lemma nth_remdups_adj_block_index:
  assumes "i < length xs"
  shows "remdups_adj xs ! block_index (nth xs) i = xs ! i"
proof -
  define ys where "ys = take (Suc i) xs"
  have "ys \<noteq> []" using assms by (auto simp: ys_def)
  then have "remdups_adj xs = remdups_adj ys @ remdups_adj (dropWhile (\<lambda>y. y = last ys) (drop (Suc i) xs))"
    unfolding ys_def by (metis append_take_drop_id remdups_adj_append'')
  moreover have "length (remdups_adj ys) = Suc (block_index (nth xs) i)"
    using length_remdups_adj_take[OF assms] by (simp add: ys_def)
  ultimately have "remdups_adj xs ! block_index (nth xs) i = remdups_adj ys ! block_index (nth xs) i"
    by (simp add: nth_append)
  also have "\<dots> = last (remdups_adj ys)"
    using \<open>length (remdups_adj ys) = _\<close> \<open>ys \<noteq> []\<close> by (subst last_conv_nth) simp_all
  also have "\<dots> = xs ! i"
    using assms by (simp add: ys_def take_Suc_conv_app_nth)
  finally show ?thesis .
qed

lemma contracts_to_remdups_adj:
  assumes "xs \<noteq> []"
  shows "contracts_to (FinS xs) (FinS (remdups_adj xs))"
proof -
  have len: "length (remdups_adj xs) = Suc (block_index (nth xs) (length xs - 1))"
    using length_remdups_adj_take[of "length xs - 1" xs] assms by simp
  have "j < length (remdups_adj xs) \<longleftrightarrow> (\<exists>i<length xs. block_index (nth xs) i = j)" for j
  proof
    assume "j < length (remdups_adj xs)"
    then have "j \<le> block_index (nth xs) (length xs - 1)"
      using len by simp
    then obtain i where "i \<le> length xs - 1" "block_index (nth xs) i = j"
      using block_index_attains by blast
    moreover have "i < length xs"
      using calculation(1) assms by (cases xs) auto
    ultimately show "\<exists>i<length xs. block_index (nth xs) i = j"
      by blast
  next
    assume "\<exists>i<length xs. block_index (nth xs) i = j"
    then obtain i where "i < length xs" "block_index (nth xs) i = j"
      by blast
    moreover have "i \<le> length xs - 1"
      using \<open>i < length xs\<close> by simp
    ultimately show "j < length (remdups_adj xs)"
      using len block_index_mono[of i "length xs - 1" "nth xs"] by simp
  qed
  moreover have "seq_nth (FinS xs) = nth xs" by (rule ext) simp
  ultimately show ?thesis
    unfolding contracts_to_def seq_block_def by (simp add: nth_remdups_adj_block_index)
qed

lemma contracts_to_eventually_const:
  assumes stable: "\<And>k. N \<le> k \<Longrightarrow> f k = f N"
  shows "contracts_to (InfS f) (FinS (remdups_adj (map f [0..<Suc N])))"
proof -
  define xs where "xs = map f [0..<Suc N]"
  have len_xs: "length xs = Suc N"
    by (simp add: xs_def)
  have nth_xs: "k \<le> N \<Longrightarrow> xs ! k = f k" for k
    unfolding xs_def by (simp add: less_Suc_eq_le del: upt_Suc)
  have block_xs: "i \<le> N \<Longrightarrow> block_index (nth xs) i = block_index f i" for i
    by (rule block_index_cong) (simp add: nth_xs)
  have block_f: "N \<le> i \<Longrightarrow> block_index f i = block_index f N" for i
    using block_index_stable[of N f i] stable by blast
  have len: "length (remdups_adj xs) = Suc (block_index f N)"
    using length_remdups_adj_take[of N xs] len_xs block_xs[of N] by simp
  have nth: "remdups_adj xs ! block_index f i = f i" if "i \<le> N" for i
    using nth_remdups_adj_block_index[of i xs] that len_xs block_xs nth_xs by simp
  have "j < length (remdups_adj xs) \<longleftrightarrow> (\<exists>i. block_index f i = j)" for j
  proof
    assume "j < length (remdups_adj xs)"
    then show "\<exists>i. block_index f i = j"
      using len block_index_attains[of j f N] by auto
  next
    assume "\<exists>i. block_index f i = j"
    then obtain i where "block_index f i = j" by blast
    then show "j < length (remdups_adj xs)"
      using len block_index_mono[of i N f] block_f[of i] by (cases "i \<le> N") auto
  qed
  moreover have "remdups_adj xs ! block_index f i = f i" for i
    using nth[of i] nth[of N] block_f[of i] stable[of i] by (cases "i \<le> N") auto
  moreover have "seq_nth (InfS f) = f" by (rule ext) simp
  ultimately show ?thesis
    unfolding contracts_to_def seq_block_def xs_def[symmetric] by simp
qed

definition change_points :: "(nat \<Rightarrow> 'a) \<Rightarrow> nat set" where
  "change_points f = {k. k = 0 \<or> f k \<noteq> f (k - 1)}"

lemma infinite_change_points:
  assumes "\<nexists>N. \<forall>k\<ge>N. f k = f N"
  shows "infinite (change_points f)"
proof
  assume fin: "finite (change_points f)"
  define N where "N = Suc (Max (change_points f))"
  have "f k = f N" if "N \<le> k" for k
    using that
  proof (induct k rule: dec_induct)
    case (step m)
    have "Suc m \<notin> change_points f"
      using fin step.hyps(1) Max_ge N_def by fastforce
    then show ?case
      using step.hyps(3) by (simp add: change_points_def)
  qed simp
  then show False
    using assms by blast
qed

context
  fixes f :: "nat \<Rightarrow> 'a"
  assumes infinite: "infinite (change_points f)"
begin

abbreviation change_point :: "nat \<Rightarrow> nat" where
  "change_point \<equiv> enumerate (change_points f)"

lemma enumerate_change_points_0: "change_point 0 = 0"
  unfolding enumerate_0 change_points_def by (rule Least_equality) auto

lemma constant_between_change_points:
  assumes "change_point n \<le> k" "k < change_point (Suc n)"
  shows "f k = f (change_point n) \<and> block_index f k = block_index f (change_point n)"
  using assms
proof (induct k rule: dec_induct)
  case (step m)
  have "change_point (Suc n) = (LEAST s. s \<in> change_points f \<and> change_point n < s)"
    by (rule enumerate_Suc''[OF infinite])
  then have "Suc m \<notin> change_points f"
    using step not_less_Least[of "Suc m" "\<lambda>s. s \<in> change_points f \<and> change_point n < s"] by auto
  then show ?case
    using step by (simp add: change_points_def)
qed simp

lemma block_index_enumerate_change_points: "block_index f (change_point n) = n"
proof (induct n)
  case 0
  then show ?case by (simp add: enumerate_change_points_0)
next
  case (Suc n)
  have "change_point n < change_point (Suc n)"
    using enumerate_mono[OF lessI infinite] .
  then obtain m where m: "change_point (Suc n) = Suc m" "change_point n \<le> m"
    by (cases "change_point (Suc n)") auto
  have "change_point (Suc n) \<in> change_points f"
    by (rule enumerate_in_set[OF infinite])
  then have "f (Suc m) \<noteq> f m"
    using m by (simp add: change_points_def)
  moreover have "block_index f m = n"
    using constant_between_change_points[of n m] m Suc by simp
  ultimately show ?case
    using m by simp
qed

lemma between_change_points: "\<exists>n. change_point n \<le> i \<and> i < change_point (Suc n)"
proof -
  define m where "m = (LEAST m. i < change_point m)"
  have "i < change_point m"
    unfolding m_def by (rule LeastI[of _ "Suc i"]) (use le_enumerate[OF infinite, of "Suc i"] in simp)
  moreover obtain n where n: "m = Suc n"
    using calculation by (cases m) (auto simp: enumerate_change_points_0)
  moreover have "\<not> i < change_point n"
    using not_less_Least[of n "\<lambda>m. i < change_point m"] n m_def by simp
  ultimately show ?thesis
    by (auto simp: not_less)
qed

lemma contracts_to_enumerate_change_points:
  "contracts_to (InfS f) (InfS (\<lambda>n. f (change_point n)))"
proof -
  have "f (change_point (block_index f i)) = f i" for i
  proof -
    obtain n where "change_point n \<le> i" "i < change_point (Suc n)"
      using between_change_points by blast
    then have "f i = f (change_point n)" "block_index f i = n"
      using constant_between_change_points block_index_enumerate_change_points by simp_all
    then show ?thesis by simp
  qed
  moreover have "seq_nth (InfS f) = f" by (rule ext) simp
  ultimately show ?thesis
    unfolding contracts_to_def seq_block_def using block_index_enumerate_change_points by auto
qed

end

lemma contracts_to_destutter: "seq_idx w 0 \<Longrightarrow> contracts_to w (destutter w)"
proof (cases w)
  case (FinS xs)
  then show "seq_idx w 0 \<Longrightarrow> ?thesis"
    using contracts_to_remdups_adj[of xs] by auto
next
  case (InfS f)
  show ?thesis
  proof (cases "\<exists>N. \<forall>k\<ge>N. f k = f N")
    case True
    define N where "N = (LEAST N. \<forall>k\<ge>N. f k = f N)"
    have stable: "\<forall>k\<ge>N. f k = f N"
      unfolding N_def using True by (rule LeastI_ex)
    have "destutter w = FinS (remdups_adj (map f [0..<Suc N]))"
      using InfS True N_def by simp
    then show ?thesis
      unfolding InfS by (metis contracts_to_eventually_const stable)
  next
    case False
    then have "destutter w = InfS (\<lambda>n. f (enumerate (change_points f) n))"
      unfolding InfS change_points_def by (simp only: destutter.simps if_False)
    then show ?thesis
      unfolding InfS using contracts_to_enumerate_change_points[OF infinite_change_points[OF False]]
      by simp
  qed
qed

section \<open>Stutter invariance of \<open>LTL\<^sub>\<infinity>\<close>\<close>

lemma contracts_to_drop:
  assumes v: "contracts_to w v" and i: "seq_idx w i"
  shows "contracts_to (seq_drop i w) (seq_drop (seq_block w i) v)"
  unfolding contracts_to_def
proof (intro conjI allI impI)
  fix j
  show "seq_idx (seq_drop (seq_block w i) v) j \<longleftrightarrow>
      (\<exists>k. seq_idx (seq_drop i w) k \<and> seq_block (seq_drop i w) k = j)"
  proof
    assume "seq_idx (seq_drop (seq_block w i) v) j"
    then obtain m where m: "seq_idx w m" "seq_block w m = seq_block w i + j"
      using v unfolding contracts_to_def by auto
    show "\<exists>k. seq_idx (seq_drop i w) k \<and> seq_block (seq_drop i w) k = j"
    proof (cases "m < i")
      case True
      then have "j = 0"
        using seq_block_mono[of m i w] m by simp
      then show ?thesis
        using i by (intro exI[of _ 0]) (simp add: seq_block_def)
    next
      case False
      then show ?thesis
        using m seq_block_drop[OF i, of "m - i"] by (intro exI[of _ "m - i"]) simp
    qed
  next
    assume "\<exists>k. seq_idx (seq_drop i w) k \<and> seq_block (seq_drop i w) k = j"
    then obtain k where "seq_idx w (i + k)" "seq_block (seq_drop i w) k = j"
      by auto
    then show "seq_idx (seq_drop (seq_block w i) v) j"
      using v seq_block_drop[OF i, of k] unfolding contracts_to_def by auto
  qed
next
  fix k
  assume k: "seq_idx (seq_drop i w) k"
  have "seq_idx v (seq_block w i)"
    using v i unfolding contracts_to_def by blast
  then have "seq_nth (seq_drop (seq_block w i) v) (seq_block (seq_drop i w) k) =
      seq_nth v (seq_block w (i + k))"
    using seq_block_drop[OF i, of k] by (simp add: seq_nth_drop)
  also have "\<dots> = seq_nth (seq_drop i w) k"
    using v k i unfolding contracts_to_def by (simp add: seq_nth_drop)
  finally show "seq_nth (seq_drop (seq_block w i) v) (seq_block (seq_drop i w) k) =
      seq_nth (seq_drop i w) k" .
qed

text \<open>Finiteness is part of the equivalence, since \<open>\<infinity>\<close> separates a finite sequence from an
  infinite one that is eventually constant.\<close>

definition stutter_equiv :: "'a seq \<Rightarrow> 'a seq \<Rightarrow> bool" where
  "stutter_equiv w w' \<longleftrightarrow> seq_idx w 0 \<and> seq_idx w' 0 \<and> seq_infinite w = seq_infinite w' \<and>
     (\<exists>v. contracts_to w v \<and> contracts_to w' v)"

•••••

• [What the task asks]
Print the lines above, unchanged, from the start of the records to the line with "xs = remdups_adj", including that final line.

• [Output of the task]
lemma nth_remdups_adj_block_index:
  assumes "i < length xs"
  shows "remdups_adj xs ! block_index (nth xs) i = xs ! i"
proof -
  define ys where "ys = take (Suc i) xs"
  have "ys \<noteq> []" using assms by (auto simp: ys_def)
  then have "remdups_adj xs = remdups_adj ys @ remdups_adj (dropWhile (\<lambda>y. y = last ys) (drop (Suc i) xs))"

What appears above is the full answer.